I strongly recommend you to experiment with some of these techniques here. You can get large performance improvements for relatively little work. Prefetching is supported by a lot of processors and is quite easy to use. It also isn't a disaster if you get it wrong. Non-temporal stores, however, are much harder to get right. If you get these wrong, then you can get disastrous results. But when you get it right, the results are amazing (remember that you are stopping the caches from reading in all the memory that you are overwriting - a stupid and time-consuming thing to do).

Both techniques are supported well on only the latest processors - but these are now perfectly affordable. The Duron and newer Celerons support both prefetching and non-temporal stores.

Compile your code with VectorC for different processors and run the appropriate version for your user's computer. Cache sizes, available instructions and the situations that prefetching is beneficial are different on each processor. Aaaaaarrrrrrgghhh! But then that's PCs for you.

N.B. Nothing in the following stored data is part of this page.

lemma scal_commute: "scal c * p = p * scal c"
  by (induct p rule: fa_induct) (auto simp: mon_mult distrib_left distrib_right mult.commute)

lemma scal_mult: "scal c * scal d = scal (c * d)"
  by (simp add: mon_mult)

lemma scal_minus_one: "scal (- 1) * p = - p"
  by (simp add: single_uminus one_eq_scal[symmetric])

definition lin_ext :: "(gen list \<Rightarrow> qv) \<Rightarrow> fa \<Rightarrow> qv" where
  "lin_ext g p = (\<Sum>w\<in>supp p. coef p w * g w)"

lemma lin_ext_add[simp]: "lin_ext g (p + q) = lin_ext g p + lin_ext g q"
  unfolding lin_ext_def by (rule setsum_keys_plus_distrib) (auto simp: distrib_right)

lemma lin_ext_mon[simp]: "lin_ext g (mon w c) = c * g w"
  by (cases "c = 0") (auto simp: lin_ext_def)

lemma lin_ext_zero[simp]: "lin_ext g 0 = 0"
  by (simp add: lin_ext_def)

lemma lin_ext_uminus[simp]: "lin_ext g (- p) = - lin_ext g p"
  by (metis add_eq_0_iff lin_ext_add lin_ext_zero right_minus)

lemma lin_ext_diff[simp]: "lin_ext g (p - q) = lin_ext g p - lin_ext g q"
  by (metis lin_ext_add lin_ext_uminus diff_conv_add_uminus)

lemma lin_ext_scal_mult[simp]: "lin_ext g (scal c * p) = c * lin_ext g p"
  by (induct p rule: fa_induct) (auto simp: mon_mult distrib_left)

lemma lin_ext_cmult: "lin_ext (\<lambda>w. k * g w) p = k * lin_ext g p"
  by (simp add: lin_ext_def sum_distrib_left mult.left_commute)

lemma lin_ext_cong: "(\<And>w. w \<in> supp p \<Longrightarrow> g w = h w) \<Longrightarrow> lin_ext g p = lin_ext h p"
  by (simp add: lin_ext_def)

lemma lin_ext_mon_mult: "lin_ext g (mon u c * p) = c * lin_ext (\<lambda>w. g (u @ w)) p"
  by (induct p rule: fa_induct) (auto simp: mon_mult distrib_left)

lemma lin_ext_mult_mon: "lin_ext g (p * mon u c) = c * lin_ext (\<lambda>w. g (w @ u)) p"
  by (induct p rule: fa_induct) (auto simp: mon_mult distrib_left distrib_right)

lemma lin_ext_mult:
  assumes "\<And>u w. g (u @ w) = g u * g w"
  shows "lin_ext g (p * q) = lin_ext g p * lin_ext g q"
proof (induct p rule: fa_induct)
  case (mon w c)
  show ?case by (simp add: lin_ext_mon_mult assms lin_ext_cmult)
qed (auto simp: distrib_right)

lemma lin_ext_prod_list:
  assumes "\<And>u w. g (u @ w) = g u * g w" and "g [] = 1"
  shows "lin_ext g (prod_list ps) = prod_list (map (lin_ext g) ps)"
  by (induct ps) (auto simp: lin_ext_mult assms one_eq_scal)

definition map_words :: "(gen list \<Rightarrow> gen list) \<Rightarrow> fa \<Rightarrow> fa" where
  "map_words f p = (\<Sum>w\<in>supp p. mon (f w) (coef p w))"

lemma map_words_add[simp]: "map_words f (p + q) = map_words f p + map_words f q"
  unfolding map_words_def by (rule setsum_keys_plus_distrib) (auto simp: single_add)

lemma map_words_mon[simp]: "map_words f (mon w c) = mon (f w) c"
  by (cases "c = 0") (auto simp: map_words_def)

lemma map_words_zero[simp]: "map_words f 0 = 0"
  by (simp add: map_words_def)

lemma map_words_uminus[simp]: "map_words f (- p) = - map_words f p"
  by (metis add_eq_0_iff map_words_add map_words_zero right_minus)

lemma map_words_diff[simp]: "map_words f (p - q) = map_words f p - map_words f q"
  by (metis map_words_add map_words_uminus diff_conv_add_uminus)

lemma map_words_mult:
  assumes "\<And>u w. f (u @ w) = f u @ f w"
  shows "map_words f (p * q) = map_words f p * map_words f q"
proof (induct p rule: fa_induct)
  case (mon w c)
  show ?case by (induct q rule: fa_induct) (auto simp: mon_mult assms distrib_left)
qed (auto simp: distrib_right)

lemma map_words_mult_anti:
  assumes "\<And>u w. f (u @ w) = f w @ f u"
  shows "map_words f (p * q) = map_words f q * map_words f p"
proof (induct p rule: fa_induct)
  case (mon w c)
  show ?case
    by (induct q rule: fa_induct)
      (auto simp: mon_mult assms distrib_left distrib_right mult.commute)
qed (auto simp: distrib_left distrib_right)

lemma map_words_comp: "map_words f (map_words g p) = map_words (f \<circ> g) p"
  by (induct p rule: fa_induct) auto

lemma map_words_id_on: "(\<And>w. w \<in> supp p \<Longrightarrow> f w = w) \<Longrightarrow> map_words f p = p"
  unfolding map_words_def by (metis (no_types, lifting) sum.cong sum_mon_coef)

lemma supp_map_words: "supp (map_words f p) \<subseteq> f ` supp p"
  using keys_sum[of "\<lambda>w. mon (f w) (coef p w)" "supp p"] by (auto simp: map_words_def)

definition word_below :: "nat \<Rightarrow> gen list \<Rightarrow> bool" where
  "word_below n w \<longleftrightarrow> (\<forall>g\<in>set w. gidx g < n)"

lemma word_below_simps[simp]:
  "word_below n []"
  "word_below n (g # w) \<longleftrightarrow> gidx g < n \<and> word_below n w"
  "word_below n (u @ w) \<longleftrightarrow> word_below n u \<and> word_below n w"
  by (auto simp: word_below_def)

lemma FA_iff: "p \<in> FA n \<longleftrightarrow> (\<forall>w\<in>supp p. word_below n w)"
  by (simp add: FA_def word_below_def)

lemma FA_subset: "p \<in> FA n \<Longrightarrow> supp q \<subseteq> supp p \<Longrightarrow> q \<in> FA n"
  by (auto simp: FA_iff)

lemma FA_0[simp]: "0 \<in> FA n" and FA_mon[simp]: "word_below n w \<Longrightarrow> mon w c \<in> FA n"
  and FA_1[simp]: "1 \<in> FA n"
  by (simp_all add: FA_iff one_eq_scal)

lemma FA_add[simp]: "p \<in> FA n \<Longrightarrow> q \<in> FA n \<Longrightarrow> p + q \<in> FA n"
  using keys_add[of p q] by (auto simp: FA_iff)

lemma FA_mult[simp]: "p \<in> FA n \<Longrightarrow> q \<in> FA n \<Longrightarrow> p * q \<in> FA n"
  using keys_mult[of p q] by (fastforce simp: FA_iff plus_list_def)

The names are not my fault. I suppose prefetching is a reasonably sensible name, but what about "non-temporal store"? Intel seems to be going in for longer and longer names. MMX was nice and simple, but "Internet Streaming SIMD Extensions" is ridiculous. "Non-temporal" I suppose means that there is a long time between writing and reading the same bit of memory. But I think that "uncached write" would be a much more self-explanatory name. Maybe I should start a campaign to change the name. Write some petitions. Get signatures. Lobby my member of parliament. Or maybe not.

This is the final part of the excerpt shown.